I'll respond in time, but let me just add that the Chinese aren't just building infrastructure or extracting minerals from the ground - they are also doing a lot of very good business with locals.
I don't know much about other parts of Nigeria, but since I come from Nigeria and a fifth of the population of Sub-Saharan Africa is Nigerian; the situation in Nigeria must count for something.
Africa has real needs (consumer goods) - in the absence of mains electricity, Chinese built generators are very important. Quite a few local business people collaborate with Chinese partners to manufacture tires, plastics, white goods, motorcycles - you get the drift. It leads to more jobs and greater revenues on both sides.

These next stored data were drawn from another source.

lemma finite_Lm:
  assumes "numerical_semigroup S"
  shows "finite (Lm S)"
proof -
  define C where "C = {T. S \<subseteq> T}"
  have "C \<subseteq> (\<lambda>G. UNIV - G) ` Pow (UNIV - S)"
    unfolding C_def by (auto intro!: image_eqI[where x = "UNIV - _"])
  moreover have "finite (UNIV - S)" using assms by (simp add: numerical_semigroup_def)
  ultimately have "finite C" by (meson finite_Pow_iff finite_imageI finite_subset)
  have "Lm S \<subseteq> {..card C}"
  proof
    fix n assume "n \<in> Lm S"
    then obtain F where F: "is_factorization S n F" by (auto simp: Lm_def)
    have "F ` {..<n} \<subseteq> C" using F unfolding is_factorization_def C_def by auto
    then have "card (F ` {..<n}) \<le> card C" using \<open>finite C\<close> by (rule card_mono[rotated])
    then show "n \<in> {..card C}" using card_image[OF is_factorization_inj[OF F]] by simp
  qed
  then show ?thesis by (rule finite_subset) simp
qed

lemma rho_m_ge:
  assumes "numerical_semigroup S" "n \<in> Lm S" "m \<in> Lm S"
  shows "ereal (real n / real m) \<le> rho_m S"
proof -
  define m0 where "m0 = Min (Lm S)"
  have "m0 \<in> Lm S" "m0 \<le> m"
    using finite_Lm[OF assms(1)] assms(3) unfolding m0_def by (auto intro: Min_in)
  then have "m0 > 0" by (simp add: Lm_def)
  have "ereal (real n / real m) \<le> ereal (real n / real m0)"
    using \<open>m0 > 0\<close> \<open>m0 \<le> m\<close> by (simp add: frac_le)
  also have "ereal (real n / real m0) = ereal (real n) / ereal (real m0)"
    using \<open>m0 > 0\<close> by simp
  also have "\<dots> \<le> Sup ((\<lambda>n. ereal (real n)) ` Lm S) / ereal (real m0)"
    using assms(2) \<open>m0 > 0\<close> by (intro ereal_divide_right_mono Sup_upper) auto
  finally show ?thesis unfolding rho_m_def m0_def .
qed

Nobody in Africa is under any illusion about the Chinese - they don't pretend to be what they are not (unlike the US); they are mean, but they get the job done - a job that no one else (except say Indians & Lebanese who aren't any better) will do.
A few words about US and US intentions - I think US actually believes its rhetoric a bit too much. George Bush's Pepfar was laudable, but that isn't the sum total of US-Africa relationship. The major problem in this relationship is this: US has never bothered to ask what 1. African leaders or 2.The African public wants out of this relationship. It's more like a case of "here's the aid, that's all folks".
Most Americans (ordinary folk, presidents, policy makers) are yet to internalize this: most Africans DO NOT benefit from foreign aid.
So a foreign policy that is very heavy on foreign aid and foreign aid rhetoric is neither going to be useful nor very effective in the long run.
Chinese are a bit better; they actually spend time listening to African leaders. If a leader wants a dam, there might be a good reason for it - not dismissing that request out of hand like the US is wont to do and shoving an "environmentally sustainable" bull#### "solution" down his throat - and a lot of aid advisers (on gender, sustainability - and related nonsense).
Chinese don't tend to listen to African publics - but there is a large and growing relationship between Chinese and African businessmen (at least in my native Nigeria). US-Africa trade in 2013 was $85 billion, China-Africa trade was $210 billion - that points to a growing business relationship. When fracking & shale gas fully takes off - expect US-Africa trade figures to further fall.
A new airport terminal being built in one of Nigeria's growing towns - this is the kind of no fuss projects the Chinese deliver in record time - and financing is a lot cheaper.